All this talk of food makes Moses angry. More into the spirit than the stomach, he wonders aloud why he had been punished with leading such a nasty nation. “Why have You treated Your servant so badly?” he demands of God. “Why have I not found favor in Your eyes that You place the burden of this entire people upon me? Did I conceive this entire people? Did I give birth to them, that You say to me, ‘Carry them in your bosom as the nurse carries the suckling,’ to the Land You promised their forefathers?” If the burdens of the bitching Jews continue, Moses concludes, he’d be better off dead: “If this is the way You treat me, please kill me if I have found favor in Your eyes, so that I not see my misfortune.”
God acquiesces. He orders Moses to take seventy elders to the Tent of Meeting, where they would receive the word of God and share Moses’s terrible burden of being the only living man to regularly chat with the Creator of all things. The elders are gathered and transported to the holy of the holies. Then, however, trouble erupts. Eldad and Meidad, two young lads, feel the spirit of God descending upon them. And they begin to prophesy, in defiance of the religious hierarchy and the rules of the priests.
As some readers may remember from the unpleasant incident with the Golden Calf, Moses, for all of his many virtues, was not one for tolerating dissent. When his leadership was questioned or his beliefs challenged, he called on the Levites—like ancient, bearded ninjas—to draw swords and settle scores. Joshua, Moses’s young apprentice, knows that; as soon as he spots the prophesying, he runs to his master, reports Eldad and Meidad’s transgressions, and expects swift and violent orders, deploring Moses to imprison the two offenders.
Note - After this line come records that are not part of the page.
(* For every real $\beta$: there is a function $a(t)\ge0$ with $a(t)\to0$ as $|t|\to\infty$ such that the spectrum of $M(t)=(d(t)+d(t)^* )^2$ is contained in $[0,a(t)]$; $d(t)\to0$ as $|t|\to\infty$; and as $t\to+\infty$ (and likewise as $t\to-\infty$) $b(t)$ converges to an operator $b_\infty$ satisfying $b_\infty^2=L$. All convergences are in operator norm.
   Context: Let $G$ be a finite simple graph. For $k\ge0$ let $\Omega_k$ be the space of complex-valued functions on the (oriented) $k$-simplices of $G$ (complete subgraphs with $k+1$ vertices), $\Omega=\bigoplus_k\Omega_k$. The exterior derivative $d_0:\Omega_k\to\Omega_{k+1}$ is $(d_0f)(x_0,\dots,x_{k+1})=\sum_{j}(-1)^jf(x_0,\dots,\hat x_j,\dots,x_{k+1})$, $D_0=d_0+d_0^*$, $L=D_0^2$. For a self-adjoint operator $D$ on $\Omega$ whose blocks $\Omega_k\to\Omega_j$ vanish unless $|j-k|\le1$, write $D=d+d^*+b$ with $d$ the blocks $\Omega_k\to\Omega_{k+1}$ and $b$ the block-diagonal part. The Dirac deformation with real parameter $\beta$ is the solution $D(t)$ of $D'=BD-DB$, $D(0)=D_0$, with $B(t)=d(t)-d(t)^*+i\beta b(t)$, $D(t)=d(t)+d(t)^*+b(t)$ (the solution exists for all real $t$ and keeps this form). *)

theory Defs
  imports "HOL-Analysis.Analysis"
begin

text \<open>Operators on Omega are represented as matrices indexed by simplices
  (nonempty cliques, as vertex sets); only entries indexed by simplices matter.
  Orientation of a simplex: the increasing order of its vertices w.r.t. the
  linear order on the vertex type.\<close>

type_synonym 'v op = "'v set \<Rightarrow> 'v set \<Rightarrow> complex"

definition is_clique :: "'v set \<Rightarrow> ('v \<Rightarrow> 'v \<Rightarrow> bool) \<Rightarrow> 'v set \<Rightarrow> bool" where
  "is_clique V E x \<longleftrightarrow> x \<subseteq> V \<and> (\<forall>u\<in>x. \<forall>w\<in>x. u \<noteq> w \<longrightarrow> E u w)"

definition simplices :: "'v set \<Rightarrow> ('v \<Rightarrow> 'v \<Rightarrow> bool) \<Rightarrow> 'v set set" where
  "simplices V E = {x. x \<noteq> {} \<and> is_clique V E x}"

definition mmul :: "'v set set \<Rightarrow> 'v op \<Rightarrow> 'v op \<Rightarrow> 'v op" where
  "mmul S A C = (\<lambda>y x. \<Sum>z\<in>S. A y z * C z x)"

definition madd :: "'v op \<Rightarrow> 'v op \<Rightarrow> 'v op" where
  "madd A C = (\<lambda>y x. A y x + C y x)"

definition msub :: "'v op \<Rightarrow> 'v op \<Rightarrow> 'v op" where
  "msub A C = (\<lambda>y x. A y x - C y x)"

definition adj :: "'v op \<Rightarrow> 'v op" where
  "adj A = (\<lambda>y x. cnj (A x y))"

text \<open>Exterior derivative d0: (d0 f)(y) = sum_j (-1)^j f(y without y_j),
  where y_0 < y_1 < ... are the vertices of y in increasing order.\<close>
definition d0 :: "'v::linorder set set \<Rightarrow> 'v op" where
  "d0 S = (\<lambda>y x. if y \<in> S \<and> x \<in> S \<and> x \<subseteq> y \<and> card y = card x + 1
      then (-1) ^ card {v\<in>y. v < (THE w. w \<in> y - x)} else 0)"

definition Dirac0 :: "'v::linorder set set \<Rightarrow> 'v op" where
  "Dirac0 S = madd (d0 S) (adj (d0 S))"

definition Laplacian :: "'v::linorder set set \<Rightarrow> 'v op" where
  "Laplacian S = mmul S (Dirac0 S) (Dirac0 S)"

text \<open>Blocks Omega_k -> Omega_(k+1) (a k-simplex has k+1 vertices).\<close>
definition dpart :: "'v op \<Rightarrow> 'v op" where
  "dpart A = (\<lambda>y x. if card y = card x + 1 then A y x else 0)"

definition bpart :: "'v op \<Rightarrow> 'v op" where
  "bpart A = (\<lambda>y x. if card y = card x then A y x else 0)"

definition Bop :: "real \<Rightarrow> 'v op \<Rightarrow> 'v op" where
  "Bop \<beta> A = (\<lambda>y x. dpart A y x - adj (dpart A) y x + \<i> * of_real \<beta> * bpart A y x)"

definition l2norm :: "'v set set \<Rightarrow> ('v set \<Rightarrow> complex) \<Rightarrow> real" where
  "l2norm S f = sqrt (\<Sum>x\<in>S. (cmod (f x))\<^sup>2)"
But the old man is jubilant. “Are you zealous for my sake?” he scolds his young aide. “If only all the Lord’s people were prophets, that the Lord would bestow His spirit upon them!”
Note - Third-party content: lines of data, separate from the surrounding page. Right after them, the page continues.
theorem lemma8:
  fixes V :: "'v set" and par :: "'v \<Rightarrow> 'v" and r :: 'v and hgt :: "'v \<Rightarrow> ereal"
    and R :: "real \<Rightarrow> ('v \<times> ereal) rel"
  assumes "ordered_merge_tree V par r hgt R"
  shows "\<forall>h\<ge>0. layer_order_of V par r hgt (leaf_order_of V par r hgt R) h = R h"
proof -
  interpret ordered_mtree V par r hgt R
    using assms unfolding ordered_merge_tree_def by unfold_locales auto
  show ?thesis
    using layer_order_of_leaf_order_of_subset subset_layer_order_of_leaf_order_of by blast
qed

end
If only all the Lord’s people were prophets. Needless to say, they’re not. Just as Eldad and Meidad conclude their transcendental trip, God decides to relieve Moses’s dolor by raining quail from the heavens, asking only, like a divine Surgeon General, that folks eat in moderation. The Israelites, however, remain true to their bad reputation, and horde the birds, each man carrying his own weight in game. This vision of insolence and greed makes the lord angry, and he strikes the hapless Hebrews, the meat still stuck in their teeth, with “a very mighty blow.”
“He named that place Kivroth Hata’avah [Graves of Craving],” the Bible tells us, “for there they buried the people who craved.”
The people who craved were smitten. The people who prophesied were celebrated. Those who scattered about, infatuated with ephemera, left behind them no mark. Those who risked all for the sake of the spirit remain two of Judaism most revered rebels. God himself made it clear that sometimes we would do well to drop the petty concerns of our mundane lives and speak, like teenagers, with much passion and little sense, about the stirrings of the soul.